Last year, the city-owned lot the park sits on was sold to developers who want to build a mixed-use project that includes a new downtown outpost for UC San Diego. As soon as the developers are ready to start construction, Quartyard will have to move.
Rad Lab, the team of young architects and developers behind Quartyard, has been working on finding a new home for the last several months. On Monday the group announced they’d found a new home on a vacant lot just a block away, at 13th and Market streets.
Quartyard was always meant to be temporary and mobile. The idea was for the park to pop up on empty urban lots across the city.
“Our initial concept was to move from lot to lot,” said Rad Lab’s co-founder, David Loewenstein. “So it will be super exciting to see it actually happen, to actually pick up and move from one spot to the next so we can see if it works. It’s still a total social experiment, so we’ll see if it proves successful.”
The park currently takes up about 25,000 square feet. The new location is about half that size. Loewenstein said they will reconfigure the design and move almost all of the park’s amenities – the stage, the bar, the restaurant, the cafe, the dog park and a restroom – to their new home.
• A small group of San Diego street performers, or buskers, showed up to protest the permitting system at Balboa Park last Saturday, but the rain and other factors kept most folks, including the media, from showing up. A few artists say they are working on organizing another event to shine a light on the system they say is unconstitutional.
• I think the print version of this short Union-Tribune story on Tijuana/San Diego street artist Panca and her solo show at Bread & Salt in Logan Heights was much more impressive and included more photos.
• The Old Globe unveiled its new 2017-18 season. (Union-Tribune)
• The San Diego Art Institute’s artist-in-residence want you to ditch your iPhones and go to the museum’s Horton Plaza Project Space to join a free stitching circle. (CityBeat)
• A new bronze statue of Tony Gwynn was unveiled in Poway. (NBC 7)
• Speaking of Poway, famed photographer Catherine Opie, who lived there for a few years, is this year’s speaker for the Museum of Contemporary of Art San Diego and the San Diego Museum of Art’s annual Axline Lecture.
• The Union-Tribune talked to Ruben Valenzuela, founder and artistic director of Bach Collegium San Diego, about his work connecting audiences to music from the 17th and 18th centuries.

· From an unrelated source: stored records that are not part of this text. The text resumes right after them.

lemma sum_over_plus_unit:
  "(\<Sum>i\<in>(UNIV::('m::finite + unit) set). f i) = (\<Sum>k\<in>UNIV. f (Inl k)) + f (Inr ())"
  by (simp add: UNIV_Plus_UNIV[symmetric] sum.Plus UNIV_unit)

text \<open>The exponents sum to zero; this is why D(x) has determinant one.\<close>

lemma sum_diag_exponents: "(\<Sum>i\<in>UNIV. diag_exponents x $ i) = 0"
  by (simp add: sum_over_plus_unit diag_exponents_def)

lemma linear_diag_exponents: "linear diag_exponents"
  by (rule linearI) (simp_all add: diag_exponents_def vec_eq_iff sum.distrib sum_distrib_left
      split: sum.split)

lemma diag_exponents_eq_0_iff: "diag_exponents x = 0 \<longleftrightarrow> x = 0"
proof
  assume "diag_exponents x = 0"
  hence "diag_exponents x $ Inl k = 0" for k by simp
  thus "x = 0" by (simp add: diag_exponents_def vec_eq_iff)
qed (simp add: linear_0[OF linear_diag_exponents])

lemma exp_diag_exponents_near_one:
  assumes "\<delta> > 0"
  shows "eventually (\<lambda>x. \<forall>i. \<bar>exp (diag_exponents x $ i) - 1\<bar> \<le> \<delta>) (nhds 0)"
proof (rule eventually_all_finite)
  fix i
  define f where "f x = exp (diag_exponents x $ i)" for x :: "real^'m"
  have "isCont diag_exponents 0"
    using linear_continuous_at linear_diag_exponents linear_linear by blast
  hence "isCont f 0" unfolding f_def by (intro continuous_intros) auto
  moreover have "f 0 = 1" by (simp add: f_def linear_0[OF linear_diag_exponents])
  ultimately have "(f \<longlongrightarrow> 1) (nhds 0)" by (simp add: tendsto_nhds_iff isCont_def)
  hence "eventually (\<lambda>x. dist (f x) 1 < \<delta>) (nhds 0)" using assms tendsto_iff by blast
  thus "eventually (\<lambda>x. \<bar>exp (diag_exponents x $ i) - 1\<bar> \<le> \<delta>) (nhds 0)"
    by eventually_elim (simp add: f_def dist_real_def)
qed

lemma zero_sum_vector_min_nonpos:
  fixes y :: "real^'n"
  assumes "(\<Sum>i\<in>UNIV. y $ i) = 0" and "\<And>i. m \<le> y $ i"
  shows "m \<le> 0"
proof -
  have "real CARD('n) * m \<le> 0"
    using sum_mono[of UNIV "\<lambda>_. m" "\<lambda>i. y $ i"] assms by simp
  thus ?thesis by (simp add: mult_le_0_iff)
qed

lemma zero_sum_vector_min:
  fixes y :: "real^'n"
  assumes sum0: "(\<Sum>i\<in>UNIV. y $ i) = 0" and "y \<noteq> 0" and min: "\<And>i. m \<le> y $ i"
  shows "m < 0" and "\<exists>i. m < y $ i"
proof -
  have not_all_zero: "\<not> (\<forall>i\<in>UNIV. y $ i = 0)" using \<open>y \<noteq> 0\<close> by (simp add: vec_eq_iff)
  have "\<exists>i. y $ i < 0"
  proof (rule ccontr)
    assume "\<not> (\<exists>i. y $ i < 0)"
    hence "\<forall>i\<in>UNIV. 0 \<le> y $ i" by (simp add: not_less)
    thus False using sum_nonneg_eq_0_iff[of UNIV "\<lambda>i. y $ i"] sum0 not_all_zero by simp
  qed
  then obtain i where "y $ i < 0" ..
  thus "m < 0" using min[of i] by linarith
  have "\<exists>i. 0 < y $ i"
  proof (rule ccontr)
    assume "\<not> (\<exists>i. 0 < y $ i)"
    hence "\<forall>i\<in>UNIV. 0 \<le> - y $ i" by (simp add: not_less)
    moreover have "(\<Sum>i\<in>UNIV. - y $ i) = 0" using sum0 by (simp add: sum_negf)
    ultimately show False using sum_nonneg_eq_0_iff[of UNIV "\<lambda>i. - y $ i"] not_all_zero by simp
  qed
  with \<open>m < 0\<close> show "\<exists>i. m < y $ i" using order.strict_trans by blast
qed

definition min_exponent :: "real^'m \<Rightarrow> real" where
  "min_exponent x = Min (range (\<lambda>i. diag_exponents x $ i))"

lemma min_exponent_le: "min_exponent x \<le> diag_exponents x $ i"
  unfolding min_exponent_def by (rule Min_le) auto

lemma min_exponent_attained: "\<exists>j. diag_exponents x $ j = min_exponent x"
proof -
  have "min_exponent x \<in> range (\<lambda>i. diag_exponents x $ i)"
    unfolding min_exponent_def by (rule Min_in) auto
  thus ?thesis by (metis rangeE)
qed

lemma min_exponent_nonpos: "min_exponent x \<le> 0"
  by (rule zero_sum_vector_min_nonpos[OF sum_diag_exponents min_exponent_le])

lemma min_exponent_off_zero:
  assumes "x \<noteq> 0"
  shows "min_exponent x < 0" and "\<exists>i. min_exponent x < diag_exponents x $ i"
  using zero_sum_vector_min[OF sum_diag_exponents _ min_exponent_le] assms
  by (simp_all add: diag_exponents_eq_0_iff)

text \<open>This is what prevents the deformed lattice from being well
  rounded once some v j is no longer minimal.\<close>

lemma not_in_span_of_others:
  fixes v :: "'i \<Rightarrow> 'a::real_vector"
  assumes "inj v" and "independent (range v)"
    and S: "S \<subseteq> {w. \<exists>i. i \<noteq> j \<and> (w = v i \<or> w = - v i)}"
  shows "v j \<notin> span S"
proof
  have "S \<subseteq> span (range v - {v j})"
  proof
    fix w assume "w \<in> S"
    then obtain i where i: "i \<noteq> j" "w = v i \<or> w = - v i" using S by blast
    hence "v i \<in> span (range v - {v j})" using assms(1) by (intro span_base) (auto simp: inj_def)
    thus "w \<in> span (range v - {v j})" using i(2) span_neg by auto
  qed
  moreover assume "v j \<in> span S"
  ultimately have "v j \<in> span (range v - {v j})" using span_mono span_span by blast
  thus False using assms(2) unfolding dependent_def by blast
qed

lemma g2_mult_vec:
  "g2 A v x *v w = (A ** col_matrix v) *v (diagD x *v (matrix_inv (col_matrix v) *v w))"
  by (simp add: g2_def flip: matrix_vector_mul_assoc)

lemma g2_basis:
  assumes "invertible (col_matrix v)"
  shows "g2 A v x *v v i = exp (diag_exponents x $ i) *\<^sub>R (A *v v i)"
proof -
  have "matrix_inv (col_matrix v) *v v i = axis i 1"
    by (metis col_matrix_axis matrix_inv_mult(2)[OF assms] matrix_vector_mul_assoc
        matrix_vector_mul_lid)
  moreover have "diagD x *v axis i 1 = exp (diag_exponents x $ i) *\<^sub>R axis i 1"
    by (simp add: diagD_mult vec_eq_iff axis_def)
  ultimately show ?thesis
    by (simp add: g2_mult_vec matrix_vector_mult_scaleR col_matrix_axis
        flip: matrix_vector_mul_assoc)
qed

lemma norm_g2_signed_basis:
  assumes "invertible (col_matrix v)" and "w = v i \<or> w = - v i"
  shows "norm (g2 A v x *v w) = exp (diag_exponents x $ i) * norm (A *v v i)"
  using assms(2) g2_basis[OF assms(1), of A x i] by (auto simp: vec.neg)

lemma g2_zero:
  assumes "invertible (col_matrix v)"
  shows "g2 A v 0 = A"
proof -
  have D0: "diagD (0::real^'m) = mat 1"
    by (simp add: diagD_def mat_def vec_eq_iff split: sum.split)
  show ?thesis
    by (simp add: g2_def D0 matrix_mul_rid matrix_inv_mult(1)[OF assms] flip: matrix_mul_assoc)
qed

lemma g2_lower_bound:
  assumes "invertible A" and "invertible (col_matrix v)" and "\<eta> > 0"
  shows "eventually (\<lambda>x. \<forall>w. (1 - \<eta>) * norm (A *v w) \<le> norm (g2 A v x *v w)) (nhds 0)"
proof -
  define B where "B = col_matrix v"
  obtain \<delta> where "\<delta> > 0" and perturb: "\<And>a c. (\<And>i. \<bar>a i - 1\<bar> \<le> \<delta>) \<Longrightarrow>
      (1 - \<eta>) * norm ((A ** B) *v c) \<le> norm ((A ** B) *v (\<chi> i. a i * c $ i))"
    using diagonal_perturbation_lower_bound[OF invertible_mult[OF assms(1,2)] assms(3)]
    unfolding B_def by blast
  show ?thesis using exp_diag_exponents_near_one[OF \<open>\<delta> > 0\<close>]
  proof eventually_elim
    case (elim x)
    show ?case
    proof
      fix w
      define c where "c = matrix_inv B *v w"
      have "(A ** B) *v c = A *v ((B ** matrix_inv B) *v w)"
        by (simp add: c_def matrix_vector_mul_assoc matrix_mul_assoc)
      hence "(A ** B) *v c = A *v w"
        by (simp add: B_def matrix_inv_mult(1)[OF assms(2)])
      moreover have "g2 A v x *v w = (A ** B) *v (\<chi> i. exp (diag_exponents x $ i) * c $ i)"
        by (simp add: g2_mult_vec diagD_mult B_def c_def)
      ultimately show "(1 - \<eta>) * norm (A *v w) \<le> norm (g2 A v x *v w)"
        using perturb[of "\<lambda>i. exp (diag_exponents x $ i)" c] elim by simp
    qed
  qed
qed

• A new(ish) collective of feminist artists is opening a group show at Thumbprint Gallery in La Jolla this weekend.
• Arts District Liberty Station announced a new outdoor film series.
• San Diego’s version of Mardis Gras is happening this week. (Entertainer)
• A free panel discussion Tuesday night will take on the topic of urbanism and the arts.
• Dallas McLaughlin, one of the hosts of VOSD Podcast Network show “The Kept Faith,” wrote a new one-man show and he’s performing it next Tuesday night.
• The city of Lemon Grove is showing off its murals in a public event Monday.
• On Saturday, Chicano Park will host an annual event that asks artists to come up with hands-on art projects in which the public can participate.
• Michael Taylor, a board member of The Old Globe who’s been working to cater to a more diverse audience, launched a new online video series spotlighting black celebrities performing in the local theater scene. (BroadwayWorld)
• The city of Carlsbad is developing a new arts and culture master plan.
• A new gallery on El Cajon Boulevard is featuring a show curated by a class at Mesa College.
• A new Chula Vista Brewery opened its doors last weekend.
• A new brewery opened in Ramona as well.
• San Diego brewers won lots of awards at the 2017 San Diego International Beer Competition. (Reader)
• OMG, rolled ice cream sounds amazing. (Reader)
• Get to know more about North County’s 7,000 square feet of food and drink known as Open House. (Eater)
• CBS 8 took a tour of musician Jason Mraz’s family farm in Oceanside.